Two populations can differ in height, but they can also differ in something more specific: how height is distributed between torso and legs. Two people can be the same height and still have very different bodies: one long-legged and short-torsoed, the other the opposite. That difference, how height is partitioned, is a separate trait.

Anthropologists have long been interested in differences in body proportions across human populations. One reason is that these differences often fit a broader zoological pattern known as Allen’s rule. In mammals and birds, populations and species from colder environments tend to have shorter extremities, while those from warmer environments tend to have longer ones. The usual explanation is thermoregulatory. Heat is lost through the body surface, whereas heat production depends more on body mass. Longer limbs increase surface area relative to volume and can facilitate heat dissipation; shorter limbs do the opposite and help conserve heat.

That makes Allen’s rule a plausible framework for thinking about human variation in limb proportions, but it is not a complete explanation. Body proportions are influenced by many factors, including nutrition, disease burden, developmental conditions, and the history of population mixture and drift. Even if climate mattered, it is not obvious whether the resulting differences are mainly genetic, mainly developmental, or some combination of the two. In animals more generally, both routes are possible: some differences reflect evolved genetic divergence, while others can arise through plastic responses during growth.

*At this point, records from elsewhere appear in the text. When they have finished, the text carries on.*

(* Let $n\ge2$ and let $F_n$ have free basis $x_1,\dots,x_n$. There exists a nontrivial cyclically reduced word $\alpha_1\in F_n$ such that the endomorphism $\phi\in\mathrm{End}(F_n)$ defined by $\phi(x_1)=\alpha_1^{-1}x_1\alpha_1$ and $\phi(x_i)=x_i$ for $i\ne1$ is not surjective. (For instance $\alpha_1=x_nx_{n-1}\cdots x_2x_1x_n^{-2}x_{n-1}^{-2}\cdots x_2^{-2}x_1^{-2}$ as chosen in the paper.)
   Context: A word is cyclically reduced if it is reduced and its first letter is not the inverse of its last letter. Together with the preceding result that such conjugating endomorphisms induce surjections on all quotients $F_n/F_n^{(k)}$ of the lower central series ($F_n^{(1)}=F_n$, $F_n^{(k+1)}=[F_n^{(k)},F_n]$), this shows surjectivity on all these nilpotent quotients does not imply surjectivity on $F_n$. *)

theory Defs
  imports Main
begin

text \<open>The free group F_n on generators x_1,...,x_n, modelled as the set of freely
reduced words.  A letter is a pair (i, b): (i, False) is x_i and (i, True) is x_i^-1.\<close>

type_synonym letter = "nat \<times> bool"
type_synonym word = "letter list"

definition inv_letter :: "letter \<Rightarrow> letter" where
  "inv_letter a = (fst a, \<not> snd a)"

definition inv_word :: "word \<Rightarrow> word" where
  "inv_word w = rev (map inv_letter w)"

fun reduced :: "word \<Rightarrow> bool" where
  "reduced [] = True"
| "reduced [a] = True"
| "reduced (a # b # w) = (b \<noteq> inv_letter a \<and> reduced (b # w))"

fun reduce :: "word \<Rightarrow> word" where
  "reduce [] = []"
| "reduce (a # w) = (case reduce w of
      [] \<Rightarrow> [a]
    | b # w' \<Rightarrow> (if b = inv_letter a then w' else a # b # w'))"

definition cyclically_reduced :: "word \<Rightarrow> bool" where
  "cyclically_reduced w \<longleftrightarrow> reduced w \<and> (w \<noteq> [] \<longrightarrow> hd w \<noteq> inv_letter (last w))"

definition free_group :: "nat \<Rightarrow> word set" where
  "free_group n = {w. reduced w \<and> (\<forall>a\<in>set w. fst a \<in> {1..n})}"

definition fmult :: "word \<Rightarrow> word \<Rightarrow> word" where
  "fmult u v = reduce (u @ v)"

definition subst_hom :: "(nat \<Rightarrow> word) \<Rightarrow> word \<Rightarrow> word" where
  "subst_hom g w = reduce (concat (map (\<lambda>a. if snd a then inv_word (g (fst a)) else g (fst a)) w))"

definition gen :: "nat \<Rightarrow> word" where
  "gen i = [(i, False)]"

end

theory Submission
  imports Defs "HOL-Combinatorics.Transposition"
begin

text \<open>Send x_1 to the transposition (0 1) and x_2 to (1 2) in the symmetric group on
  {0, 1, 2}.  For \<alpha> = x_2 x_1 the image of \<phi>(x_1) = \<alpha>^-1 x_1 \<alpha> is the conjugate (1 2), so
  every element of the image of \<phi> acts by id or (1 2), whereas x_1 acts by (0 1).
  Hence x_1 is not in the image of \<phi>.\<close>

text \<open>The sign of a letter is ignored: this is a homomorphism only when every \<rho> i is an
  involution, which is why the lemmas below assume it.\<close>
fun word_action :: "(nat \<Rightarrow> 'a \<Rightarrow> 'a) \<Rightarrow> word \<Rightarrow> 'a \<Rightarrow> 'a" where
  "word_action \<rho> [] = id"
| "word_action \<rho> (a # w) = \<rho> (fst a) \<circ> word_action \<rho> w"

lemma word_action_append: "word_action \<rho> (u @ v) = word_action \<rho> u \<circ> word_action \<rho> v"
  by (induction u) (simp_all add: comp_assoc)

lemma word_action_rev_comp:
  assumes "\<And>i. \<rho> i \<circ> \<rho> i = id"
  shows "word_action \<rho> (rev w) \<circ> word_action \<rho> w = id"
proof (induction w)
  case (Cons a w)
  have "word_action \<rho> (rev (a # w)) \<circ> word_action \<rho> (a # w)
      = word_action \<rho> (rev w) \<circ> (\<rho> (fst a) \<circ> \<rho> (fst a)) \<circ> word_action \<rho> w"
    by (simp add: word_action_append comp_assoc)
  also have "\<dots> = word_action \<rho> (rev w) \<circ> word_action \<rho> w"
    by (simp add: assms)
  also have "\<dots> = id"
    by (rule Cons.IH)
  finally show ?case .
qed simp

lemma word_action_inv_word_comp:
  assumes "\<And>i. \<rho> i \<circ> \<rho> i = id"
  shows "word_action \<rho> (inv_word w) \<circ> word_action \<rho> w = id"
proof -
  have "word_action \<rho> (map inv_letter w) = word_action \<rho> w"
    by (induction w) (simp_all add: inv_letter_def)
  then show ?thesis
    using word_action_rev_comp[where \<rho> = \<rho> and w = "map inv_letter w", OF assms]
    by (simp add: inv_word_def rev_map[symmetric])
qed

lemma word_action_reduce:
  assumes "\<And>i. \<rho> i \<circ> \<rho> i = id"
  shows "word_action \<rho> (reduce w) = word_action \<rho> w"
proof (induction w)
  case (Cons a w)
  note IH = Cons.IH
  show ?case
  proof (cases "reduce w")
    case (Cons b w')
    show ?thesis
    proof (cases "b = inv_letter a")
      case True
      then have "fst b = fst a" by (simp add: inv_letter_def)
      then have "word_action \<rho> (a # w) = (\<rho> (fst a) \<circ> \<rho> (fst a)) \<circ> word_action \<rho> w'"
        by (simp flip: IH add: Cons o_def)
      then show ?thesis using Cons True assms by simp
    qed (simp flip: IH add: Cons)
  qed (simp flip: IH)
qed simp

lemma word_action_subst_hom_mem:
  assumes invol: "\<And>i. \<rho> i \<circ> \<rho> i = id"
    and id_mem: "id \<in> H"
    and comp_mem: "\<And>f h. f \<in> H \<Longrightarrow> h \<in> H \<Longrightarrow> f \<circ> h \<in> H"
    and inv_mem: "\<And>f h. f \<in> H \<Longrightarrow> h \<circ> f = id \<Longrightarrow> h \<in> H"
    and gens_mem: "\<And>i. word_action \<rho> (g i) \<in> H"
  shows "word_action \<rho> (subst_hom g w) \<in> H"
  unfolding subst_hom_def word_action_reduce[OF invol]
proof (induction w)
  case (Cons a w)
  have "word_action \<rho> (if snd a then inv_word (g (fst a)) else g (fst a)) \<in> H"
    using gens_mem inv_mem[OF gens_mem word_action_inv_word_comp[OF invol]] by simp
  from comp_mem[OF this Cons.IH] show ?case
    by (simp only: list.map concat.simps word_action_append)
qed (simp add: id_mem[unfolded id_def])

lemma left_inverse_of_involution:
  assumes "t \<circ> t = id" and "h \<circ> t = id"
  shows "h = t"
proof -
  have "h = (h \<circ> t) \<circ> t"
    using assms(1) by (simp add: comp_assoc)
  with assms(2) show ?thesis by simp
qed

definition sym3_action :: "nat \<Rightarrow> nat \<Rightarrow> nat" where
  "sym3_action i = (if i = 1 then transpose 0 1 else if i = 2 then transpose 1 2 else id)"

lemma sym3_action_involutive: "sym3_action i \<circ> sym3_action i = id"
  by (simp add: sym3_action_def)

lemma word_action_conjugate_x1:
  "word_action sym3_action
     (fmult (fmult (inv_word [(2, False), (1, False)]) (gen 1)) [(2, False), (1, False)])
   = transpose 1 2"
  by (auto simp: fmult_def word_action_reduce[OF sym3_action_involutive] word_action_append
      inv_word_def inv_letter_def gen_def sym3_action_def transpose_def fun_eq_iff)

theorem mainTheorem13:
  fixes n :: nat
  assumes "n \<ge> 2"
  shows "\<exists>\<alpha> \<in> free_group n. \<alpha> \<noteq> [] \<and> cyclically_reduced \<alpha> \<and>
           (let \<phi> = subst_hom (\<lambda>i. if i = 1 then fmult (fmult (inv_word \<alpha>) (gen 1)) \<alpha> else gen i)
            in \<not> (\<phi> ` free_group n = free_group n))"
proof -
  define \<alpha> :: word where "\<alpha> = [(2, False), (1, False)]"
  define g where "g = (\<lambda>i. if i = 1 then fmult (fmult (inv_word \<alpha>) (gen 1)) \<alpha> else gen i)"
  let ?H = "{id, transpose (1::nat) 2}"
  have gens_in_H: "word_action sym3_action (g i) \<in> ?H" for i
    using word_action_conjugate_x1
    by (auto simp: g_def \<alpha>_def gen_def sym3_action_def)
  have image_in_H: "word_action sym3_action (subst_hom g w) \<in> ?H" for w
    by (rule word_action_subst_hom_mem[OF sym3_action_involutive _ _ _ gens_in_H])
      (auto dest: left_inverse_of_involution[OF transpose_comp_involutory])
  have "word_action sym3_action (gen 1) = transpose 0 1"
    by (simp add: gen_def sym3_action_def)
  moreover have "transpose (0::nat) 1 \<notin> ?H"
    by (auto simp: fun_eq_iff transpose_def dest: spec[of _ 0])
  ultimately have "gen 1 \<notin> subst_hom g ` free_group n"
    using image_in_H by (metis imageE)
  moreover have "gen 1 \<in> free_group n"
    using assms by (simp add: free_group_def gen_def)
  moreover have "\<alpha> \<in> free_group n" "\<alpha> \<noteq> []" "cyclically_reduced \<alpha>"
    using assms by (auto simp: \<alpha>_def free_group_def cyclically_reduced_def inv_letter_def)
  ultimately show ?thesis
    unfolding Let_def g_def by blast
qed

end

This was the unresolved issue in humans. The older anthropological literature documented recurrent population differences in relative limb length and trunk length, but it was much less able to say what produced them. Were these differences primarily developmental responses to local conditions, or did they also reflect genetic differences between populations?

Bartell et al. revisit this question with samples large enough to study body proportions at GWAS scale. Using very large samples from the UK Biobank and China Kadoorie Biobank, they study sitting height ratio and related traits at GWAS scale. The key measure is the sitting height ratio, or SHR, the fraction of total height accounted for by the torso. Higher SHR means relatively longer trunks and shorter legs; lower SHR means the reverse.

The resulting pattern is not limited to a single comparison. East Asian ancestry individuals show higher SHR than Europeans, and the broader multi-ancestry comparison places African, South Asian, European, and East Asian groups along the same general axis, with lower SHR corresponding to relatively longer limbs. In the main comparison reported in the paper, East Asian individuals have an average SHR of about 0.539, compared with 0.530 in Europeans. Taken together, the ordering is clear: African ancestry groups are lowest, followed by South Asians, then Europeans, with East Asians highest.

Figure 1. Sitting height ratio differs systematically across ancestry groups in the UK Biobank.

The ordering is consistent with the older climatic interpretation, but the main point is simpler. This is not an isolated contrast between two groups. The same broad gradient appears across multiple ancestry groups.

Earlier anthropometric work pointed in this direction, but the evidence was sparse. Here the pattern emerges clearly in very large samples. Populations differ not just in stature, but in body proportions.

Height, however, collapses multiple biological processes into a single measure. Sitting height ratio, once adjusted for height, is almost genetically independent from height itself. Two individuals can have the same genetic propensity for height and still differ in how that height is distributed between trunk and legs. The variants that make you taller are often not the same variants that determine your proportions.

The study identifies roughly five hundred loci associated with SHR. Many lie in regions already associated with height, but often involve different variants within those regions. The same locus can contain one variant that affects overall height and another that shifts proportions. In some cases, variants decrease sitting height while increasing leg length by a larger amount, showing that these are not just general growth effects but region-specific effects on the skeleton.

There are clear phenotypic differences across populations, but that does not imply different genetic systems. At the genome-wide level, the opposite is true. Genetic correlations across ancestries are close to one, and effect sizes at associated loci are very similar.

Figure 2. The genetic architecture of body proportions is largely shared across European and East Asian populations

This does not mean every locus is identical across populations. A small number of fine-mapped signals do show heterogeneity. But they are a minority. The overall architecture is overwhelmingly shared. Population differences in body proportions are therefore not explained by different sets of genes, but by differences in allele frequencies across many of the same loci.

What the paper does not show, however, is the most direct test of that interpretation. If the population differences are really genetic, then populations should differ not just in phenotype, but in their average polygenic propensity for higher sitting height ratio. I computed those scores by population using the GWAS summary statistics, and the pattern is exactly what you would expect.